Is your school plan sitting on a shelf gathering dust?

I find it interesting when leaders of schools put so much time and effort into school planning yet when you ask their teachers what the main goals of the school are they have no idea! The only way school goals related to teaching and learning can be achieved is by a collective effort from teachers. Leaders are encouraged to consult with all stakeholders when developing their goals but sometimes this is tokenistic, and teachers don’t really engage with the process. The school plan is then submitted and “put on the shelf” for the year, probably revisited by the executive but I wonder how many teachers ever look at it again?

The school plan can be hard for teachers to relate to

Each sector has their own framework and strategic plan which will inform each school’s plan. Unfortunately, some of these do not incorporate a range of teaching standards and sometimes the ratio devoted to teaching and learning is not reflective of that core function. I understand there are other aspects of running a school that require planning, these are the things that allow teachers to get on with their job, but do they really need to worry about that stuff?

So how can we make a school plan more meaningful to our teachers?

It’s quite simple.

It’s essential that your school plan is based on the Australian Professional Standards for Teachers. My suggestion is to create a Teaching and Learning Plan by extracting all things teaching and learning from your official school plan. This is what the teachers need to know.

Focus on everyday teaching practices

I understand that a school plan is a formal document and must be written in such a way to satisfy “the powers that be” but quite often they become too verbose and teachers can’t make a connection between the “words” and their everyday practice. To make it more accessible, you might consider launching your Annual School Plan to teachers with 4 to 8 priorities that reflect and incorporate your goals in a succinct way: “Enhancing Writing”, “Authentic Assessment”, “Collaborative Practices”, “Project Based Learning”, “Differentiation”, “Success Criteria” etc.  You then publish the priorities around the school: common rooms, staff rooms, lunch rooms (even the back of toilet doors!), to raise the profile of what the school hopes to achieve.

Make teachers the lead in their own professional development

It makes a lot of sense if teachers set their own Personal Performance and Development Goals based on the school’s priorities. That way individual teachers become a united force towards supporting the progress and ultimate success of the school. School leaders can then develop a strategic, differentiated professional learning plan to meet both the needs of their teachers and NESA Maintenance of Accreditation at Proficient Teacher requirements.
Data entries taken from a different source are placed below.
definition stable_family :: "('a, 'b) monoid_scheme \<Rightarrow> 'a set set \<Rightarrow> bool" where
  "stable_family G S \<longleftrightarrow>
     (\<forall>K\<in>S. \<forall>H\<in>S. K \<subseteq> H \<longrightarrow> (\<exists>L\<in>S. L \<subseteq> K \<and> L \<lhd> (G\<lparr>carrier := H\<rparr>)))"

text \<open>Elements of the inverse limit of the right coset spaces H\G, H in S.
  Functions are taken extensional: undefined outside S.\<close>
definition completion :: "('a, 'b) monoid_scheme \<Rightarrow> 'a set set \<Rightarrow> ('a set \<Rightarrow> 'a set) set" where
  "completion G S = {f. (\<forall>H\<in>S. f H \<in> rcosets\<^bsub>G\<^esub> H)
                      \<and> (\<forall>H\<in>S. \<forall>K\<in>S. K \<subseteq> H \<longrightarrow> f K \<subseteq> f H)
                      \<and> (\<forall>H. H \<notin> S \<longrightarrow> f H = undefined)}"

text \<open>H^f = x^{-1} H x where f(H) = Hx.\<close>
definition conj_by :: "('a, 'b) monoid_scheme \<Rightarrow> ('a set \<Rightarrow> 'a set) \<Rightarrow> 'a set \<Rightarrow> 'a set" where
  "conj_by G f H = conjugate G H (SOME x. x \<in> carrier G \<and> f H = H #>\<^bsub>G\<^esub> x)"

definition completion_mult ::
  "('a, 'b) monoid_scheme \<Rightarrow> 'a set set \<Rightarrow> ('a set \<Rightarrow> 'a set) \<Rightarrow> ('a set \<Rightarrow> 'a set) \<Rightarrow> ('a set \<Rightarrow> 'a set)" where
  "completion_mult G S f f' = (\<lambda>H. if H \<in> S then f H <#>\<^bsub>G\<^esub> f' (conj_by G f H) else undefined)"

definition completion_monoid :: "('a, 'b) monoid_scheme \<Rightarrow> 'a set set \<Rightarrow> ('a set \<Rightarrow> 'a set) monoid" where
  "completion_monoid G S = \<lparr> carrier = completion G S,
                             monoid.mult = completion_mult G S,
                             one = (\<lambda>H. if H \<in> S then H else undefined) \<rparr>"

end

theory Submission
  imports Defs
begin

text \<open>
  Writing \<open>f(H) = Hx\<close>, the product of the completion becomes \<open>(f f')(H) = H x y\<close> where
  \<open>f'(x\<^sup>-\<^sup>1 H x) = x\<^sup>-\<^sup>1 H x y\<close>, so associativity and the unit laws reduce to computations
  with cosets. For the inverse of \<open>f\<close>, stability provides, for each \<open>K\<close> in \<open>S\<close>, some \<open>L\<close> in
  \<open>S\<close> with \<open>L\<^sup>f \<subseteq> K\<close>: if \<open>f(K) = Kx\<close>, take \<open>L\<close> normal in \<open>K\<close> and contained in
  \<open>K \<inter> x K x\<^sup>-\<^sup>1\<close>; then \<open>f(L) = L k x\<close> with \<open>k \<in> K\<close>, hence \<open>L\<^sup>f = x\<^sup>-\<^sup>1 L x \<subseteq> K\<close>.
  Setting \<open>g(K) = K x\<^sub>L\<^sup>-\<^sup>1\<close> for \<open>f(L) = L x\<^sub>L\<close> is independent of the choice of \<open>L\<close>
  (pass to a common smaller member of \<open>S\<close>), defines an element of the completion, and satisfies
  \<open>g f = e\<close>. A monoid in which every element has a left inverse is a group.
\<close>

context group
begin

lemma conjugate_mono: "K \<subseteq> H \<Longrightarrow> conjugate G K x \<subseteq> conjugate G H x"
  by (auto simp: conjugate_def l_coset_def r_coset_def)

lemma conjugate_one: "H \<subseteq> carrier G \<Longrightarrow> conjugate G H \<one> = H"
  by (simp add: conjugate_def lcos_mult_one)

lemma conjugate_conjugate:
  assumes "H \<subseteq> carrier G" "x \<in> carrier G" "y \<in> carrier G"
  shows "conjugate G (conjugate G H x) y = conjugate G H (x \<otimes> y)"
  using assms by (simp add: conjugate_def coset_assoc lcos_m_assoc coset_mult_assoc
      l_coset_subset_G r_coset_subset_G inv_mult_group)

lemma subgroup_conjugate: "subgroup H G \<Longrightarrow> x \<in> carrier G \<Longrightarrow> subgroup (conjugate G H x) G"
  unfolding conjugate_def by (rule subgroup_conjugation_is_surj1)

lemma conjugate_by_member: "subgroup H G \<Longrightarrow> h \<in> H \<Longrightarrow> conjugate G H h = H"
  by (simp add: conjugate_def coset_join2 coset_join3 subgroup.mem_carrier subgroup.m_inv_closed)

lemma conjugate_eq_if_rcos_eq:
  assumes "subgroup H G" "x \<in> carrier G" "y \<in> carrier G" "H #> x = H #> y"
  shows "conjugate G H x = conjugate G H y"
proof -
  obtain h where h: "h \<in> H" "y = h \<otimes> x"
    using repr_independenceD[OF assms(1,3,4)] by (auto simp: r_coset_def)
  then have "conjugate G H y = conjugate G (conjugate G H h) x"
    using assms by (simp add: conjugate_conjugate subgroup.subset subgroup.mem_carrier)
  then show ?thesis
    using assms(1) h(1) by (simp add: conjugate_by_member)
qed

lemma conjugate_normal_eq:
  assumes "L \<lhd> G\<lparr>carrier := K\<rparr>" "subgroup K G" "k \<in> K"
  shows "conjugate G L k = L"
proof -
  have "L #> k = k <#\<^bsub>G\<^esub> L"
    using normal.coset_eq[OF assms(1)] assms(3) by simp
  moreover have "L \<subseteq> K"
    using subgroup.subset[OF normal_imp_subgroup[OF assms(1)]] by simp
  moreover have "k \<in> carrier G" "K \<subseteq> carrier G"
    using assms(2,3) by (auto simp: subgroup.mem_carrier subgroup.subset)
  ultimately show ?thesis
    by (simp add: conjugate_def coset_assoc[symmetric] lcos_m_assoc lcos_mult_one)
qed

lemma rcos_mult_conjugate_rcos:
  assumes "subgroup H G" "x \<in> carrier G" "y \<in> carrier G"
  shows "(H #> x) <#> (conjugate G H x #> y) = H #> (x \<otimes> y)"
proof -
  have H: "H \<subseteq> carrier G" using assms(1) by (rule subgroup.subset)
  have "x <#\<^bsub>G\<^esub> (conjugate G H x #> y) = H #> (x \<otimes> y)"
    using H assms(2,3) by (simp add: conjugate_def coset_assoc lcos_m_assoc coset_mult_assoc
        l_coset_subset_G r_coset_subset_G lcos_mult_one)
  moreover have "conjugate G H x #> y \<subseteq> carrier G"
    using assms by (simp add: r_coset_subset_G subgroup.subset subgroup_conjugate)
  ultimately have "(H #> x) <#> (conjugate G H x #> y) = H <#> (H #> (x \<otimes> y))"
    using H assms(2) by (simp add: rcos_assoc_lcos)
  also have "\<dots> = (H <#> H) #> (x \<otimes> y)"
    using H assms(2,3) by (simp add: setmult_rcos_assoc)
  finally show ?thesis
    using assms(1) by (simp add: subgroup_mult_id)
qed

lemma set_inv_rcos:
  assumes "subgroup L G" "x \<in> carrier G"
  shows "set_inv (L #> x) = inv x <# L"
proof
  show "set_inv (L #> x) \<subseteq> inv x <# L"
  proof
    fix z assume "z \<in> set_inv (L #> x)"
    then obtain l where "l \<in> L" "z = inv (l \<otimes> x)"
      by (auto simp: SET_INV_def r_coset_def)
    then show "z \<in> inv x <# L"
      using assms by (auto simp: l_coset_def inv_mult_group subgroup.mem_carrier subgroup.m_inv_closed)
  qed
  show "inv x <# L \<subseteq> set_inv (L #> x)"
  proof
    fix z assume "z \<in> inv x <# L"
    then obtain l where l: "l \<in> L" "z = inv x \<otimes> l"
      by (auto simp: l_coset_def)
    then have "z = inv (inv l \<otimes> x)"
      using assms by (simp add: inv_mult_group subgroup.mem_carrier)
    then show "z \<in> set_inv (L #> x)"
      using l(1) assms(1) by (auto simp: SET_INV_def r_coset_def subgroup.m_inv_closed)
  qed
qed

lemma set_mult_set_inv_rcos:
  assumes "subgroup L G" "subgroup K G" "x \<in> carrier G" "conjugate G L x \<subseteq> K"
  shows "K <#> set_inv (L #> x) = K #> inv x"
proof -
  have L: "L \<subseteq> carrier G" using assms(1) by (rule subgroup.subset)
  have C: "conjugate G L x \<subseteq> carrier G"
    using assms(1,3) by (simp add: subgroup.subset subgroup_conjugate)
  have "set_inv (L #> x) = conjugate G L x #> inv x"
    using L assms(1,3) by (simp add: set_inv_rcos conjugate_def coset_mult_assoc l_coset_subset_G)
  then have "K <#> set_inv (L #> x) = (K <#> conjugate G L x) #> inv x"
    using C assms(2,3) by (simp add: setmult_rcos_assoc subgroup.subset)
  also have "\<dots> = K #> inv x"
    using assms by (simp add: set_mult_subgroup_idem subgroup_incl subgroup_conjugate)
  finally show ?thesis .
qed

end

locale admissible_subgroup_family = group G for G (structure) +
  fixes S :: "'a set set"
  assumes admissible: "admissible_family G S"
begin

lemma family_subgroup: "H \<in> S \<Longrightarrow> subgroup H G"
  using admissible by (simp add: admissible_family_def)

lemma family_conjugate: "H \<in> S \<Longrightarrow> x \<in> carrier G \<Longrightarrow> conjugate G H x \<in> S"
  using admissible by (simp add: admissible_family_def)

lemma family_lower_bound:
  assumes "A \<in> S" "B \<in> S"
  obtains L where "L \<in> S" "L \<subseteq> A" "L \<subseteq> B"
proof -
  have "finite {A, B} \<and> {A, B} \<noteq> {} \<and> {A, B} \<subseteq> S"
    using assms by auto
  then obtain L where "L \<in> S" "L \<subseteq> \<Inter>{A, B}"
    using admissible unfolding admissible_family_def by meson
  then show ?thesis
    using that by auto
qed

lemma completion_rcosE:
  assumes "f \<in> completion G S" "H \<in> S"
  obtains x where "x \<in> carrier G" "f H = H #> x"
  using assms by (auto simp: completion_def RCOSETS_def)

lemma completion_mono:
  "f \<in> completion G S \<Longrightarrow> K \<in> S \<Longrightarrow> H \<in> S \<Longrightarrow> K \<subseteq> H \<Longrightarrow> f K \<subseteq> f H"
  by (simp add: completion_def)

lemma completion_undefined: "f \<in> completion G S \<Longrightarrow> H \<notin> S \<Longrightarrow> f H = undefined"
  by (simp add: completion_def)

lemma completion_rcos_of_subset:
  assumes f: "f \<in> completion G S" and "K \<in> S" "H \<in> S" "K \<subseteq> H"
    and x: "x \<in> carrier G" "f K = K #> x"
  shows "f H = H #> x"
proof -
  obtain y where y: "y \<in> carrier G" "f H = H #> y"
    using f \<open>H \<in> S\<close> by (rule completion_rcosE)
  have "x \<in> f K"
    using x family_subgroup[OF \<open>K \<in> S\<close>] by (simp add: rcos_self)
  then have "x \<in> H #> y"
    using completion_mono[OF f \<open>K \<in> S\<close> \<open>H \<in> S\<close> \<open>K \<subseteq> H\<close>] y(2) by blast
  then show ?thesis
    using repr_independence[of x H y] y family_subgroup[OF \<open>H \<in> S\<close>] by simp
qed

lemma conj_by_rcos:
  assumes "f \<in> completion G S" "H \<in> S" "x \<in> carrier G" "f H = H #> x"
  shows "conj_by G f H = conjugate G H x"
proof -
  define y where "y = (SOME y. y \<in> carrier G \<and> f H = H #> y)"
  have "\<exists>y. y \<in> carrier G \<and> f H = H #> y"
    using assms(3,4) by blast
  then have y: "y \<in> carrier G \<and> f H = H #> y"
    unfolding y_def by (rule someI_ex)
  then have "H #> y = H #> x"
    using assms(4) by simp
  have "conj_by G f H = conjugate G H y"
    by (simp add: conj_by_def y_def)
  also have "\<dots> = conjugate G H x"
    using family_subgroup[OF assms(2)] conjunct1[OF y] assms(3) \<open>H #> y = H #> x\<close>
    by (rule conjugate_eq_if_rcos_eq)
  finally show ?thesis .
qed

lemma conj_by_in_family: "f \<in> completion G S \<Longrightarrow> H \<in> S \<Longrightarrow> conj_by G f H \<in> S"
  by (metis completion_rcosE conj_by_rcos family_conjugate)

lemma conj_by_mono:
  assumes f: "f \<in> completion G S" and "K \<in> S" "H \<in> S" "K \<subseteq> H"
  shows "conj_by G f K \<subseteq> conj_by G f H"
proof -
  obtain x where x: "x \<in> carrier G" "f K = K #> x"
    using f \<open>K \<in> S\<close> by (rule completion_rcosE)
  have "f H = H #> x"
    using f \<open>K \<in> S\<close> \<open>H \<in> S\<close> \<open>K \<subseteq> H\<close> x by (rule completion_rcos_of_subset)
  with f \<open>H \<in> S\<close> x(1) have "conj_by G f H = conjugate G H x"
    by (rule conj_by_rcos)
  moreover have "conj_by G f K = conjugate G K x"
    using f \<open>K \<in> S\<close> x by (rule conj_by_rcos)
  ultimately show ?thesis
    using \<open>K \<subseteq> H\<close> by (simp add: conjugate_mono)
qed

lemma completion_mult_rcos:
  assumes "f \<in> completion G S" "H \<in> S" "x \<in> carrier G" "f H = H #> x"
    and "y \<in> carrier G" "f' (conjugate G H x) = conjugate G H x #> y"
  shows "completion_mult G S f f' H = H #> (x \<otimes> y)"
  using assms by (simp add: completion_mult_def conj_by_rcos rcos_mult_conjugate_rcos family_subgroup)

lemma completion_mult_closed:
  assumes f: "f \<in> completion G S" and f': "f' \<in> completion G S"
  shows "completion_mult G S f f' \<in> completion G S"
  unfolding completion_def
proof (intro CollectI conjI ballI allI impI)
  fix H assume H: "H \<in> S"
  obtain x where x: "x \<in> carrier G" "f H = H #> x"
    using f H by (rule completion_rcosE)
  obtain y where y: "y \<in> carrier G" "f' (conjugate G H x) = conjugate G H x #> y"
    using f' family_conjugate[OF H x(1)] by (rule completion_rcosE)
  show "completion_mult G S f f' H \<in> rcosets H"
    using completion_mult_rcos[where f' = f', OF f H x y] H x(1) y(1)
    by (simp add: rcosetsI family_subgroup subgroup.subset)
next
  fix H K assume "H \<in> S" "K \<in> S" "K \<subseteq> H"
  then have "f' (conj_by G f K) \<subseteq> f' (conj_by G f H)"
    using f f' by (simp add: completion_mono conj_by_in_family conj_by_mono)
  then show "completion_mult G S f f' K \<subseteq> completion_mult G S f f' H"
    using \<open>H \<in> S\<close> \<open>K \<in> S\<close> \<open>K \<subseteq> H\<close> f
    by (simp add: completion_mult_def completion_mono mono_set_mult)
qed (simp add: completion_mult_def)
From this point forward, teachers will be able to connect every professional learning session with a school priority, recognise the opportunity to learn, then apply their newly acquired knowledge or practice with the students they teach. Furthermore, those with expertise in priority areas can support their colleagues providing opportunities for them at the Highly Accomplished Teacher level.

The key to success

Don’t forget the point I made earlier. The crucial factor that is pivotal to the success of this approach is to ensure the School Plan is underpinned by the Australian Professional Standards for Teachers. Stop to think of all that will be achieved by adopting such an approach:

• Progress towards school goals

• Teacher awareness of school priorities

• Personal Performance and Development Goals based on the school priorities

• Quality professional learning based on the school priorities

• Teachers meeting NESA Maintenance at Proficient Teacher requirements

I understand that this all sounds logical in theory, correct? But how does this work in reality I hear you say? Below is an example of the cascade effect that can be achieved from high level planning goals through to individual Personal Performance and Development Plans if the process is set up systematically and based on the correct framework from the start:

“How am I assisting the school to meet their goals on a Tuesday morning after recess while I teach my Year 8 PDHPE class?”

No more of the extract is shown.